Фостий уже собрался было продолжить спор, но передумал. Он хотел выдвинуть другой вариант правления: небольшую группу доверенных советников, способную снять с Автократора достаточную часть ошеломляюще тяжкого административного груза.
Но не успев заговорить, он вспомнил своих фальшивых друзей и подхалимов, с которыми уже пришлось расстаться, потому что они стремились использовать его в собственных интересах. То, что советнику можно доверять, вовсе не означает, что он не станет продажным или корыстным.
Он дернул поводья; лошадь обиженно фыркнула, когда Фостий отвернул ее голову от головы отцовского коня. Но Фостий всегда раздражался, когда ему приходилось признавать правоту отца. И если он отъедет в сторону, ему никому не придется уступать – ни отцу, ни себе.
К концу дня имперская армия отошла от побережья достаточно далеко, и закат оказался для Фостия весьма непривычным зрелищем. Окруженный со всем сторон сушей, он ощущал себя словно в заточении, лишившись привычного для столичного жителя морского простора. Даже звуки показались ему странными: неизвестные в столице ночные птицы объявляли о своем присутствии трелями и странными рокочущими звуками.
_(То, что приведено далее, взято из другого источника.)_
lemma indep_offer_reward_ge:
  assumes "valid_instance n k p v" "0 \<le> s" "s \<le> 1"
    and y: "\<forall>i\<in>{1..n}. 0 \<le> y i \<and> y i \<le> 1" and "(\<Sum>i=1..n. y i * p i) \<le> real k"
    and "threshold_form n y'" and mass: "(\<Sum>i=1..n. y' i * p i) = s * (\<Sum>i=1..n. y i * p i)"
  shows "s * (\<Sum>i=1..n. v i * p i * y i) - s * (\<Sum>i=1..n. y i * p i) +
           (\<Sum>i=1..n. y i * p i) / real k * exp_min_pois (s * real k) k
         \<le> indep_offer_reward n k p v y'"
proof -
  from assms(1) have k: "0 < k" and p: "\<forall>i\<in>{1..n}. 0 \<le> p i \<and> p i \<le> 1"
    and v: "\<forall>i\<in>{1..n}. \<forall>j\<in>{1..n}. i \<le> j \<longrightarrow> v j \<le> v i"
    unfolding valid_instance_def by auto
  have "0 \<le> (\<Sum>i=1..n. y i * p i)"
    using y p by (auto intro: sum_nonneg)
  then have "(\<Sum>i=1..n. y i * p i) / real k * exp_min_pois (s * real k) k
               \<le> subset_expectation {1..n} (\<lambda>i. y' i * p i) (\<lambda>A. real (min (card A) k))"
    using threshold_form_bounds[OF \<open>threshold_form n y'\<close>] assms(2,5) p k mass
    by (intro subset_expectation_min_card_ge) (auto simp: mult_le_one)
  moreover have "s * (\<Sum>i=1..n. v i * p i * y i) \<le> (\<Sum>i=1..n. v i * (y' i * p i))"
    using p v y assms(2,3,6) mass by (intro threshold_offer_value_ge) auto
  ultimately show ?thesis
    using mass by (simp add: indep_offer_reward_eq algebra_simps sum_subtractf)
qed

theorem lemma6p4:
  fixes n k :: nat and p v y y' :: "nat \<Rightarrow> real" and s \<tau> :: real
  assumes "valid_instance n k p v"
    and "0 \<le> s" and "s \<le> 1"
    and "0 < \<tau>" and "\<tau> < 1"
    and "tau_bounded n v \<tau>"
    and "(\<Sum>i\<in>V_high n v. p i) \<le> real k"
    and "ALG_sim_choice s n k p v y y'"
  shows "indep_offer_reward n k p v y' \<ge>
    (s - s / \<tau> + exp_min_pois (s * real k) k / (\<tau> * real k)) * LP_sim n k p v"
proof -
  from assms(8) obtain z where feasible: "LP_feasible n k p y z"
    and optimal: "LP_obj n p v y z = LP_sim n k p v"
    and mass: "(\<Sum>i=1..n. y i * p i) = target_mass n k p v" and "threshold_form n y'"
    and mass': "(\<Sum>i=1..n. y' i * p i) = s * (\<Sum>i=1..n. y i * p i)"
    unfolding ALG_sim_choice_def by blast
  have pv: "\<forall>i\<in>{1..n}. 0 \<le> p i \<and> 0 \<le> v i" and k: "0 < real k"
    using assms(1) unfolding valid_instance_def by auto
  have y: "\<forall>i\<in>{1..n}. 0 \<le> y i \<and> y i \<le> 1"
    using feasible unfolding LP_feasible_def by blast
  have mass_le: "(\<Sum>i=1..n. y i * p i) \<le> real k"
    using mass assms(7) unfolding target_mass_def by simp
  define m where "m = (\<Sum>i=1..n. y i * p i)"
  define W where "W = (\<Sum>i=1..n. v i * p i * y i)"
  define c where "c = exp_min_pois (s * real k) k"
  have "\<tau> * m \<le> W"
    unfolding m_def W_def using assms(6) y pv by (intro tau_bounded_mass_le) auto
  have "c \<le> s * real k"
    unfolding c_def using assms(2) k by (intro exp_min_pois_le) simp
  have "(s - s / \<tau> + c / (\<tau> * real k)) * LP_sim n k p v =
          s * W - s * m + m / real k * c - (s - c / real k) * (W / \<tau> - m)"
    using LP_sim_eq_LP_obj[OF _ feasible optimal mass_le] pv assms(4) k
    unfolding W_def by (simp add: field_simps)
  also have "\<dots> \<le> s * W - s * m + m / real k * c"
    using \<open>c \<le> s * real k\<close> \<open>\<tau> * m \<le> W\<close> assms(4) k
    by (simp, intro mult_nonneg_nonneg) (simp_all add: field_simps)
  also have "\<dots> \<le> indep_offer_reward n k p v y'"
    unfolding W_def m_def c_def using assms y mass_le \<open>threshold_form n y'\<close> mass'
    by (intro indep_offer_reward_ge) auto
  finally show ?thesis
    unfolding c_def .
qed

end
Шатер Криспа, хотя и матерчатый, а не каменный, максимально воспроизводил великолепие императорского дворца. От факелов и костров было светло как днем; обычных просителей сменил поток входящих и выходящих офицеров. Так же, как и в городе, кто-то выходил хмурый, кто-то довольный.
Опять-таки, у Фостия не оказалось другого выбора, кроме как устраиваться на ночь в неуютной для него близости от отца. И вновь, как и в столице, он решил отыскать себе местечко как можно дальше от него. Слуги, которым поручили установить его шатер, не стали удивленно поднимать брови, когда он приказал разместить его сзади за большим и величественным шатром Криспа и как можно дальше сбоку от него.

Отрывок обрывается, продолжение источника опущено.